The dSNP output files contain the following columns:

  • snp: direct SNP;
  • pval: p-value of effect from exposure to outcome;
  • coef: SNP effect from exposure to outcome.

iSNP:

Indirect SNPs identified. Again, only MedFix methods will report direct SNPs.

  • output/iSNP_MedFix_eq_trait_V1.csv
  • output/iSNP_MedFix_eq_trait_V1.csv

The iSNP output files contain the following columns:

  • medi: mediator gene under control by the iSNP;
  • snps_for_medi: indirect SNPs for the corresponding mediator;
  • coef: effect from exposure to mediator.

Mediator:

The non-adjusted mediators detected by different methods of MedFix_BIC, MedFix_0.5, MedMixed_Linear, and MedMixed_Shrink for trait V1.

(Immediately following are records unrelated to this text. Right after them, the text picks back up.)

(* Let $\mathbb{F}$ be a field of characteristic $2$ with at least $4$ elements, and let $B\in M_3(\mathbb{F})$ be a non-derogative matrix with trace $u_2$. Then for every $a\in\mathbb{F}$ with $a\neq u_2$ and $a\neq u_2+1$, there exist $N,D\in M_3(\mathbb{F})$ with $B=N+D$, $N^2=0$, and $D$ diagonalizable with eigenvalues $a$, $a+1$, $u_2+1$.
   Context: A square matrix is non-derogative if its minimal polynomial equals its characteristic polynomial. A matrix $D\in M_n(\mathbb{F})$ is diagonalizable if there exists an invertible $U\in M_n(\mathbb{F})$ such that $U^{-1}DU$ is diagonal. *)

theory Defs
  imports "Jordan_Normal_Form.Char_Poly"
begin

definition mat_trace :: "'a :: comm_ring_1 mat \<Rightarrow> 'a" where
  "mat_trace A = (\<Sum>i<dim_row A. A $$ (i,i))"

definition mat_poly_eval :: "'a :: comm_ring_1 poly \<Rightarrow> 'a mat \<Rightarrow> 'a mat" where
  "mat_poly_eval p A = mat (dim_row A) (dim_col A)
     (\<lambda>(i,j). \<Sum>k\<le>degree p. coeff p k * (A ^\<^sub>m k) $$ (i,j))"

definition is_minimal_polynomial :: "'a :: field mat \<Rightarrow> 'a poly \<Rightarrow> bool" where
  "is_minimal_polynomial A p \<longleftrightarrow>
     lead_coeff p = 1 \<and>
     mat_poly_eval p A = 0\<^sub>m (dim_row A) (dim_col A) \<and>
     (\<forall>q. q \<noteq> 0 \<longrightarrow> mat_poly_eval q A = 0\<^sub>m (dim_row A) (dim_col A) \<longrightarrow> degree p \<le> degree q)"

definition non_derogative :: "'a :: field mat \<Rightarrow> bool" where
  "non_derogative A \<longleftrightarrow> is_minimal_polynomial A (char_poly A)"

end

theory Submission
  imports Defs
begin

text \<open>
  A non-derogative 3 \<times> 3 matrix B has a cyclic vector, so it is similar to a companion matrix
  C, whose last column is (c0, c1, tr B). In characteristic 2 the prescribed eigenvalues sum to
  a + (a + 1) + (u2 + 1) = u2, so the companion matrix C' of (x - a)(x - a - 1)(x - u2 - 1)
  differs from C only in the two upper entries of the last column; hence (C - C')^2 = 0.
  The eigenvalues are distinct, so C' is diagonalised by a Vandermonde matrix, and conjugating
  C = (C - C') + C' back gives N and D.

  For the cyclic vector, take v with v, Bv independent (B is not scalar). If v is not cyclic
  then p(B) = B^2 - sB - r kills span(v, Bv) for suitable r, s, but not the whole space.
  In a basis v, Bv, w with p(B)w \<noteq> 0 the matrix of B is block triangular, and there a cyclic
  vector of the form w + x v + y Bv is found explicitly.
\<close>

definition vec3 :: "'a \<Rightarrow> 'a \<Rightarrow> 'a \<Rightarrow> 'a vec" where
  "vec3 x y z = vec 3 (\<lambda>i. if i = 0 then x else if i = 1 then y else z)"

definition mat3 :: "'a \<Rightarrow> 'a \<Rightarrow> 'a \<Rightarrow> 'a \<Rightarrow> 'a \<Rightarrow> 'a \<Rightarrow> 'a \<Rightarrow> 'a \<Rightarrow> 'a \<Rightarrow> 'a mat" where
  "mat3 a b c d e f g h k = mat 3 3 (\<lambda>(i,j).
     if i = 0 then (if j = 0 then a else if j = 1 then b else c)
     else if i = 1 then (if j = 0 then d else if j = 1 then e else f)
     else (if j = 0 then g else if j = 1 then h else k))"

lemma less_3_cases: "(i::nat) < 3 \<Longrightarrow> i = 0 \<or> i = 1 \<or> i = 2"
  by auto

lemma sum_lessThan_3: "(\<Sum>i<3. f i) = f 0 + f 1 + f (2::nat)"
  by (simp add: numeral_3_eq_3 lessThan_Suc numeral_2_eq_2 ac_simps)

lemma sum_atLeast0LessThan_3: "(\<Sum>i\<in>{0..<3}. f i) = f 0 + f 1 + f (2::nat)"
  by (simp add: atLeast0LessThan sum_lessThan_3)

lemma vec3_carrier [simp]: "vec3 x y z \<in> carrier_vec 3"
  and dim_vec_vec3 [simp]: "dim_vec (vec3 x y z) = 3"
  by (simp_all add: vec3_def)

lemma mat3_carrier [simp]: "mat3 a b c d e f g h k \<in> carrier_mat 3 3"
  and dim_mat3 [simp]: "dim_row (mat3 a b c d e f g h k) = 3" "dim_col (mat3 a b c d e f g h k) = 3"
  by (simp_all add: mat3_def)

lemma vec3_index [simp]:
  "vec3 x y z $ 0 = x" "vec3 x y z $ 1 = y" "vec3 x y z $ 2 = z"
  "vec3 x y z $ Suc 0 = y" "vec3 x y z $ Suc (Suc 0) = z"
  by (simp_all add: vec3_def)

lemma mat3_index [simp]:
  "mat3 a b c d e f g h k $$ (0,0) = a" "mat3 a b c d e f g h k $$ (0,1) = b"
  "mat3 a b c d e f g h k $$ (0,2) = c" "mat3 a b c d e f g h k $$ (1,0) = d"
  "mat3 a b c d e f g h k $$ (1,1) = e" "mat3 a b c d e f g h k $$ (1,2) = f"
  "mat3 a b c d e f g h k $$ (2,0) = g" "mat3 a b c d e f g h k $$ (2,1) = h"
  "mat3 a b c d e f g h k $$ (2,2) = k"
  "mat3 a b c d e f g h k $$ (0,Suc 0) = b" "mat3 a b c d e f g h k $$ (0,Suc (Suc 0)) = c"
  "mat3 a b c d e f g h k $$ (Suc 0,0) = d" "mat3 a b c d e f g h k $$ (Suc 0,Suc 0) = e"
  "mat3 a b c d e f g h k $$ (Suc 0,Suc (Suc 0)) = f"
  "mat3 a b c d e f g h k $$ (Suc (Suc 0),0) = g" "mat3 a b c d e f g h k $$ (Suc (Suc 0),Suc 0) = h"
  "mat3 a b c d e f g h k $$ (Suc (Suc 0),Suc (Suc 0)) = k"
  by (simp_all add: mat3_def)

lemma vec3_cases [cases set: carrier_vec]:
  assumes "u \<in> carrier_vec 3"
  obtains x y z where "u = vec3 x y z"
proof
  show "u = vec3 (u$0) (u$1) (u$2)"
    using assms by (intro eq_vecI) (auto simp: vec3_def dest!: less_3_cases)
qed

lemma mat3_cases [cases set: carrier_mat]:
  assumes "A \<in> carrier_mat 3 3"
  obtains a b c d e f g h k where "A = mat3 a b c d e f g h k"
proof
  show "A = mat3 (A$$(0,0)) (A$$(0,1)) (A$$(0,2)) (A$$(1,0)) (A$$(1,1)) (A$$(1,2))
    (A$$(2,0)) (A$$(2,1)) (A$$(2,2))"
    using assms by (intro eq_matI) (auto simp: mat3_def dest!: less_3_cases)
qed

lemma vec3_eq_iff [simp]: "vec3 x y z = vec3 x' y' z' \<longleftrightarrow> x = x' \<and> y = y' \<and> z = z'"
  by (metis vec3_index(1-3))

lemma mat3_eq_iff [simp]: "mat3 a b c d e f g h k = mat3 a' b' c' d' e' f' g' h' k' \<longleftrightarrow>
  a = a' \<and> b = b' \<and> c = c' \<and> d = d' \<and> e = e' \<and> f = f' \<and> g = g' \<and> h = h' \<and> k = k'"
  by (metis mat3_index(1-9))

lemma mat3_mult [simp]: "mat3 a b c d e f g h k * mat3 a' b' c' d' e' f' g' h' k' =
  mat3 (a*a'+b*d'+c*g') (a*b'+b*e'+c*h') (a*c'+b*f'+c*k')
       (d*a'+e*d'+f*g') (d*b'+e*e'+f*h') (d*c'+e*f'+f*k')
       (g*a'+h*d'+k*g') (g*b'+h*e'+k*h') (g*c'+h*f'+k*k')"
  by (rule eq_matI; auto simp: scalar_prod_def sum_atLeast0LessThan_3 dest!: less_3_cases)
     (auto simp: mat3_def row_def col_def)

lemma mat3_mult_vec3 [simp]: "mat3 a b c d e f g h k *\<^sub>v vec3 x y z =
  vec3 (a*x+b*y+c*z) (d*x+e*y+f*z) (g*x+h*y+k*z)"
  by (rule eq_vecI; auto simp: scalar_prod_def sum_atLeast0LessThan_3 dest!: less_3_cases)
     (auto simp: mat3_def vec3_def row_def)

lemma mat3_add [simp]: "mat3 a b c d e f g h k + mat3 a' b' c' d' e' f' g' h' k' =
  mat3 (a+a') (b+b') (c+c') (d+d') (e+e') (f+f') (g+g') (h+h') (k+k')"
  and mat3_minus [simp]: "mat3 a b c d e f g h k - mat3 a' b' c' d' e' f' g' h' k' =
  mat3 (a-a') (b-b') (c-c') (d-d') (e-e') (f-f') (g-g') (h-h') (k-k')"
  and smult_mat3 [simp]: "r \<cdot>\<^sub>m mat3 a b c d e f g h k =
  mat3 (r*a) (r*b) (r*c) (r*d) (r*e) (r*f) (r*g) (r*h) (r*k)"
  by (rule eq_matI; auto simp: mat3_def dest!: less_3_cases)+

lemma vec3_add [simp]: "vec3 x y z + vec3 x' y' z' = vec3 (x+x') (y+y') (z+z')"
  and smult_vec3 [simp]: "r \<cdot>\<^sub>v vec3 x y z = vec3 (r*x) (r*y) (r*z)"
  by (rule eq_vecI; auto simp: vec3_def dest!: less_3_cases)+

lemma one_mat_3: "1\<^sub>m 3 = mat3 1 0 0 0 1 0 0 0 1"
  and zero_mat_3: "0\<^sub>m 3 3 = mat3 0 0 0 0 0 0 0 0 0"
  and mat_diag_3: "mat_diag 3 f = mat3 (f 0) 0 0 0 (f 1) 0 0 0 (f 2)"
  by (rule eq_matI; auto simp: mat3_def mat_diag_def dest!: less_3_cases)+

lemma zero_vec_3: "0\<^sub>v 3 = vec3 0 0 0"
  by (rule eq_vecI; auto simp: vec3_def dest!: less_3_cases)

lemma mat_of_cols_vec3:
  "mat_of_cols 3 [vec3 a d g, vec3 b e h, vec3 c f k] = mat3 a b c d e f g h k"
  by (rule eq_matI; auto simp: mat3_def vec3_def mat_of_cols_def dest!: less_3_cases)

lemma det_2: assumes A: "A \<in> carrier_mat 2 2"
  shows "det A = A$$(0,0) * A$$(1,1) - A$$(1,0) * A$$(0,1)"
proof -
  have "det A = (\<Sum>i<2. A $$ (i,0) * cofactor A i 0)"
    by (rule laplace_expansion_column[OF A]) auto
  also have "\<dots> = A$$(0,0) * A$$(1,1) - A$$(1,0) * A$$(0,1)"
    unfolding cofactor_def using A
    by (simp add: numeral_2_eq_2 det_single mat_delete_carrier mat_delete_def)
  finally show ?thesis .
qed

lemma det_mat3:
  "det (mat3 a b c d e f g h k) = a*(e*k - f*h) - b*(d*k - f*g) + c*(d*h - e*g)"
proof -
  have "det (mat3 a b c d e f g h k) =
      (\<Sum>i<3. mat3 a b c d e f g h k $$ (i,0) * cofactor (mat3 a b c d e f g h k) i 0)"
    by (rule laplace_expansion_column) auto
  then show ?thesis
    unfolding sum_lessThan_3 cofactor_def
    by (subst (asm) (1 2 3) det_2) (auto simp: mat_delete_def mat3_def algebra_simps numeral_2_eq_2)
qed

lemma mat_of_cols_3_carrier [simp]: "mat_of_cols 3 [u, w, t] \<in> carrier_mat 3 3"
  using mat_of_cols_carrier(1)[of 3 "[u, w, t]"] by (simp add: numeral_3_eq_3)

lemmas mat3_simps = one_mat_3 zero_mat_3 zero_vec_3 mat_of_cols_vec3 det_mat3 algebra_simps

lemma mult_mat_of_cols:
  assumes "A \<in> carrier_mat n m" "set ws \<subseteq> carrier_vec m"
  shows "A * mat_of_cols m ws = mat_of_cols n (map (\<lambda>w. A *\<^sub>v w) ws)"
  using assms by (intro eq_matI) (auto simp: mat_of_cols_index subset_code(1))

lemma mat_of_cols_mult_vec3:
  fixes u :: "'a::comm_ring_1 vec"
  assumes "u \<in> carrier_vec 3" "w \<in> carrier_vec 3" "t \<in> carrier_vec 3"
  shows "mat_of_cols 3 [u, w, t] *\<^sub>v vec3 a b c = a \<cdot>\<^sub>v u + b \<cdot>\<^sub>v w + c \<cdot>\<^sub>v t"
proof -
  from assms obtain x y z x' y' z' x'' y'' z''
    where "u = vec3 x y z" "w = vec3 x' y' z'" "t = vec3 x'' y'' z''"
    by (metis vec3_cases)
  then show ?thesis by (simp add: mat3_simps)
qed

lemma mat_trace_mult_comm:
  fixes A :: "'a::comm_ring_1 mat"
  assumes "A \<in> carrier_mat n m" "B \<in> carrier_mat m n"
  shows "mat_trace (A * B) = mat_trace (B * A)"
proof -
  have "mat_trace (A * B) = (\<Sum>i<n. \<Sum>k<m. A $$ (i,k) * B $$ (k,i))"
    using assms by (simp add: mat_trace_def scalar_prod_def atLeast0LessThan)
  also have "\<dots> = (\<Sum>k<m. \<Sum>i<n. B $$ (k,i) * A $$ (i,k))"
    by (subst sum.swap) (simp add: mult.commute)
  also have "\<dots> = mat_trace (B * A)"
    using assms by (simp add: mat_trace_def scalar_prod_def atLeast0LessThan)
  finally show ?thesis .
qed

lemma mat_trace_similar:
  fixes A :: "'a::comm_ring_1 mat"
  assumes "similar_mat A B"
  shows "mat_trace A = mat_trace B"
proof -
  from similar_matD[OF assms] obtain n P Q where
    carr: "{A, B, P, Q} \<subseteq> carrier_mat n n" and QP: "Q * P = 1\<^sub>m n" and A: "A = P * B * Q"
    by blast
  have "mat_trace A = mat_trace (P * (B * Q))"
    unfolding A using carr by (simp add: assoc_mult_mat[of P n n B n Q n])
  also have "\<dots> = mat_trace (B * Q * P)"
    using carr by (intro mat_trace_mult_comm) auto
  also have "\<dots> = mat_trace B"
    using carr by (auto simp: QP assoc_mult_mat[of B n n Q n P n])
  finally show ?thesis .
qed

lemma det_nonzero_imp_inverse:
  fixes P :: "'a::field mat"
  assumes "P \<in> carrier_mat n n" "det P \<noteq> 0"
  obtains Q where "Q \<in> carrier_mat n n" "P * Q = 1\<^sub>m n" "Q * P = 1\<^sub>m n"
  using det_non_zero_imp_unit[OF assms, of "()"] unfolding Units_def ring_mat_def by auto

lemma similar_mat_of_mult_eq:
  fixes A :: "'a::field mat"
  assumes carr: "A \<in> carrier_mat n n" "C \<in> carrier_mat n n" "P \<in> carrier_mat n n"
    and "det P \<noteq> 0" and AP: "A * P = P * C"
  shows "similar_mat A C"
proof -
  obtain Q where Q: "Q \<in> carrier_mat n n" "P * Q = 1\<^sub>m n" "Q * P = 1\<^sub>m n"
    using det_nonzero_imp_inverse[OF carr(3) \<open>det P \<noteq> 0\<close>] by blast
  have "A = A * P * Q"
    using carr Q by (simp add: assoc_mult_mat[of A n n P n Q n])
  also have "\<dots> = P * C * Q"
    by (simp only: AP)
  finally show ?thesis
    using carr Q by (intro similar_matI[of _ _ P Q n]) auto
qed

lemma coordinates_in_basis3:
  fixes u :: "'a::field vec"
  assumes carr: "u \<in> carrier_vec 3" "w \<in> carrier_vec 3" "t \<in> carrier_vec 3" "z \<in> carrier_vec 3"
    and "det (mat_of_cols 3 [u, w, t]) \<noteq> 0"
  obtains a b c where "z = a \<cdot>\<^sub>v u + b \<cdot>\<^sub>v w + c \<cdot>\<^sub>v t"
proof -
  let ?P = "mat_of_cols 3 [u, w, t]"
  obtain Q where Q: "Q \<in> carrier_mat 3 3" "?P * Q = 1\<^sub>m 3"
    using det_nonzero_imp_inverse[OF _ assms(5)] by (metis mat_of_cols_3_carrier)
  obtain a b c where abc: "Q *\<^sub>v z = vec3 a b c"
    using Q carr by (metis mult_mat_vec_carrier vec3_cases)
  have "?P *\<^sub>v vec3 a b c = (?P * Q) *\<^sub>v z"
    unfolding abc[symmetric] by (rule assoc_mult_mat_vec[symmetric, OF mat_of_cols_3_carrier Q(1) carr(4)])
  then have "z = a \<cdot>\<^sub>v u + b \<cdot>\<^sub>v w + c \<cdot>\<^sub>v t"
    using Q(2) carr by (simp add: mat_of_cols_mult_vec3)
  then show ?thesis ..
qed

  • output/mediator_MedFix_eq_trait_V1.csv
  • output/mediator_MedFix_eq_trait_V1.csv
  • output/mediator_MedMix_linear_trait_V1.csv
  • output/mediator_MedFix_eq_trait_V1.csv:

The mediator output files contain the following columns:

  • id: mediator gene id;
  • e2m: p-value of effect from exposure to mediator;
  • m2y: p-value of effect from mediator to outcome;
  • e2m2y: maximum value between e2m and m2y;
  • padj: adjusted p-value;
  • coef: product of effect from exposure to mediator and effect from mediator to outcome.

Visualization of GMA results:

  • In the circos plots, the outermost circular track represents the ten chromosomes;
  • The next inner track shows the GWAS results, with two circular blue dashed lines indicating -log(p-value) of 5 and 10 and the red lines denoting the position of direct SNPs;
  • The next inner track shows the relative positions of identified mediator genes with different genes represented by different colors; the lines in the innermost circle connects mediators with their corresponding indirect SNPs.

Citations

  • Zhang, Qi. "High-dimensional mediation analysis with applications to causal gene identification." Statistics in Biosciences (2021): 1-20.
  • Yang, Zhikai, Gen Xu, Qi Zhang, Toshihiro Obata, and Jinliang Yang. "Genome-wide mediation analysis: an empirical study to connect phenotype with genotype via intermediate transcriptomic data in maize." Genetics 221, no. 2 (2022): iyac057.

License

It is a free and open source software, licensed under GPLv3.